**WORK TASK:**
Retype, without any change, the first line of the records and every line after it through the one containing "proof (rule ccontr)".

**STUDY MATERIAL:**

definition rot_defined :: "nat \<Rightarrow> real \<Rightarrow> (real \<Rightarrow> real \<times> real) \<Rightarrow> real \<times> real \<Rightarrow> bool" where
  "rot_defined m \<beta> \<zeta> q0 \<longleftrightarrow> (\<forall>t\<in>{0..real m * \<beta>}. \<zeta> t \<noteq> q0)"

definition is_angle :: "nat \<Rightarrow> real \<Rightarrow> (real \<Rightarrow> real \<times> real) \<Rightarrow> real \<times> real \<Rightarrow> (real \<Rightarrow> real) \<Rightarrow> bool" where
  "is_angle m \<beta> \<zeta> q0 \<theta> \<longleftrightarrow> continuous_on {0..real m * \<beta>} \<theta> \<and>
     (\<exists>\<rho>. \<forall>t\<in>{0..real m * \<beta>}. \<rho> t > 0 \<and> \<zeta> t - q0 = \<rho> t *\<^sub>R (cos (\<theta> t), sin (\<theta> t)))"

definition rot :: "nat \<Rightarrow> real \<Rightarrow> (real \<Rightarrow> real \<times> real) \<Rightarrow> real \<times> real \<Rightarrow> real" where
  "rot m \<beta> \<zeta> q0 = (let \<theta> = (SOME \<theta>. is_angle m \<beta> \<zeta> q0 \<theta>) in (\<theta> 0 - \<theta> (real m * \<beta>)) / (2 * pi))"

end

(*
  With k = sqrt g, the saddle coordinates y + k x and y - k x of the unforced equation
  x'' = g x evolve like e^(kt) and e^(-kt). The forcing n(t) F0(x) has L^1 norm at most
  (c0 + k0) m |n|_1 on [0, m beta], so it moves e^(-kt) (y + k x) and e^(kt) (y - k x) only
  by a bounded amount. A starting point far from the origin makes one of the two coordinates
  large at t = 0; it then keeps its sign and stays large on the whole interval, so
  zeta(t) - q0 lies in a fixed open half-plane. A continuous angle of a curve in an open
  half-plane varies by less than 2 pi, so the rotation number is below 1.
*)
theory Submission
  imports Defs
begin

lemma angle_variation_lt_2pi_in_halfplane:
  fixes \<theta> :: "real \<Rightarrow> real"
  assumes "0 \<le> T" and cont: "continuous_on {0..T} \<theta>"
    and pos: "\<And>t. t \<in> {0..T} \<Longrightarrow> a * cos (\<theta> t) + b * sin (\<theta> t) > 0"
  shows "\<theta> 0 - \<theta> T < 2 * pi"
proof (rule ccontr)
  \<comment> \<open>Otherwise \<theta> passes a value where a cos \<theta> + b sin \<theta> = -sqrt (a^2 + b^2).\<close>
  assume wind: "\<not> \<theta> 0 - \<theta> T < 2 * pi"
  define r where "r = sqrt (a\<^sup>2 + b\<^sup>2)"
  have "a \<noteq> 0 \<or> b \<noteq> 0"
    using pos[of 0] \<open>0 \<le> T\<close> by auto
  then have r_pos: "r > 0"
    by (simp add: r_def sum_power2_gt_zero_iff)
  have "(a / r)\<^sup>2 + (b / r)\<^sup>2 = 1"
    using r_pos by (auto simp: r_def power_divide simp flip: add_divide_distrib)
  then obtain \<alpha> where "a / r = cos \<alpha>" "b / r = sin \<alpha>"
    by (metis sincos_total_2pi)
  then have phase: "a * cos (\<theta> t) + b * sin (\<theta> t) = r * cos (\<theta> t - \<alpha>)" for t
    using r_pos by (simp add: cos_diff field_simps)
  define j where "j = \<lceil>(\<theta> T - \<alpha> - pi) / (2 * pi)\<rceil>"
  define s where "s = \<alpha> + pi + 2 * pi * of_int j"
  have "(\<theta> T - \<alpha> - pi) / (2 * pi) \<le> of_int j" "of_int j < (\<theta> T - \<alpha> - pi) / (2 * pi) + 1"
    unfolding j_def by linarith+
  then have "\<theta> T \<le> s" "s \<le> \<theta> 0"
    using wind unfolding s_def by (simp_all add: field_simps)
  then obtain t where t: "t \<in> {0..T}" "\<theta> t = s"
    using IVT2'[of \<theta> T s 0] \<open>0 \<le> T\<close> cont by auto
  have "cos (\<theta> t - \<alpha>) = -1"
    unfolding t(2) s_def by (simp add: cos_add)
  then show False
    using pos[OF t(1)] phase[of t] r_pos by simp
qed

lemma continuous_polar_angle_in_halfplane:
  fixes \<zeta> :: "real \<Rightarrow> real \<times> real"
  assumes cont: "continuous_on S \<zeta>"
    and halfplane: "\<And>t. t \<in> S \<Longrightarrow> a * fst (\<zeta> t - q) + b * snd (\<zeta> t - q) > 0"
  obtains \<theta> \<rho> where "continuous_on S \<theta>"
    "\<And>t. t \<in> S \<Longrightarrow> \<rho> t > 0 \<and> \<zeta> t - q = \<rho> t *\<^sub>R (cos (\<theta> t), sin (\<theta> t))"
proof -
  \<comment> \<open>Rotating by e = a - ib moves the curve into the right half-plane, where Ln is continuous.\<close>
  define c where "c t = Complex (fst (\<zeta> t - q)) (snd (\<zeta> t - q))" for t
  define e where "e = Complex a (- b)"
  define G where "G t = Ln (e * c t) - Ln e" for t
  have Re_pos: "Re (e * c t) > 0" if "t \<in> S" for t
    using halfplane[OF that] by (simp add: e_def c_def)
  have "continuous_on S c"
    unfolding c_def Complex_eq by (intro continuous_intros cont)
  moreover have "e * c t \<notin> \<real>\<^sub>\<le>\<^sub>0" if "t \<in> S" for t
    using Re_pos[OF that] by (auto simp: complex_nonpos_Reals_iff)
  ultimately have "continuous_on S (\<lambda>t. Im (G t))"
    unfolding G_def by (intro continuous_intros) auto
  moreover have "exp (Re (G t)) > 0 \<and> \<zeta> t - q = exp (Re (G t)) *\<^sub>R (cos (Im (G t)), sin (Im (G t)))"
    if "t \<in> S" for t
  proof -
    have "e * c t \<noteq> 0"
      using Re_pos[OF that] by (metis less_irrefl zero_complex.sel(1))
    then have "e \<noteq> 0" "c t \<noteq> 0"
      by simp_all
    then have "exp (G t) = c t"
      by (simp add: G_def exp_diff)
    then have "Re (exp (G t)) = fst (\<zeta> t - q)" "Im (exp (G t)) = snd (\<zeta> t - q)"
      by (simp_all add: c_def)
    then show ?thesis
      by (simp add: Re_exp Im_exp prod_eq_iff)
  qed
  ultimately show ?thesis
    by (rule that)
qed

**SOLUTION TO THE EXERCISE:**
definition rot_defined :: "nat \<Rightarrow> real \<Rightarrow> (real \<Rightarrow> real \<times> real) \<Rightarrow> real \<times> real \<Rightarrow> bool" where
  "rot_defined m \<beta> \<zeta> q0 \<longleftrightarrow> (\<forall>t\<in>{0..real m * \<beta>}. \<zeta> t \<noteq> q0)"

definition is_angle :: "nat \<Rightarrow> real \<Rightarrow> (real \<Rightarrow> real \<times> real) \<Rightarrow> real \<times> real \<Rightarrow> (real \<Rightarrow> real) \<Rightarrow> bool" where
  "is_angle m \<beta> \<zeta> q0 \<theta> \<longleftrightarrow> continuous_on {0..real m * \<beta>} \<theta> \<and>
     (\<exists>\<rho>. \<forall>t\<in>{0..real m * \<beta>}. \<rho> t > 0 \<and> \<zeta> t - q0 = \<rho> t *\<^sub>R (cos (\<theta> t), sin (\<theta> t)))"

definition rot :: "nat \<Rightarrow> real \<Rightarrow> (real \<Rightarrow> real \<times> real) \<Rightarrow> real \<times> real \<Rightarrow> real" where
  "rot m \<beta> \<zeta> q0 = (let \<theta> = (SOME \<theta>. is_angle m \<beta> \<zeta> q0 \<theta>) in (\<theta> 0 - \<theta> (real m * \<beta>)) / (2 * pi))"

end

(*
  With k = sqrt g, the saddle coordinates y + k x and y - k x of the unforced equation
  x'' = g x evolve like e^(kt) and e^(-kt). The forcing n(t) F0(x) has L^1 norm at most
  (c0 + k0) m |n|_1 on [0, m beta], so it moves e^(-kt) (y + k x) and e^(kt) (y - k x) only
  by a bounded amount. A starting point far from the origin makes one of the two coordinates
  large at t = 0; it then keeps its sign and stays large on the whole interval, so
  zeta(t) - q0 lies in a fixed open half-plane. A continuous angle of a curve in an open
  half-plane varies by less than 2 pi, so the rotation number is below 1.
*)
theory Submission
  imports Defs
begin

lemma angle_variation_lt_2pi_in_halfplane:
  fixes \<theta> :: "real \<Rightarrow> real"
  assumes "0 \<le> T" and cont: "continuous_on {0..T} \<theta>"
    and pos: "\<And>t. t \<in> {0..T} \<Longrightarrow> a * cos (\<theta> t) + b * sin (\<theta> t) > 0"
  shows "\<theta> 0 - \<theta> T < 2 * pi"
proof (rule ccontr)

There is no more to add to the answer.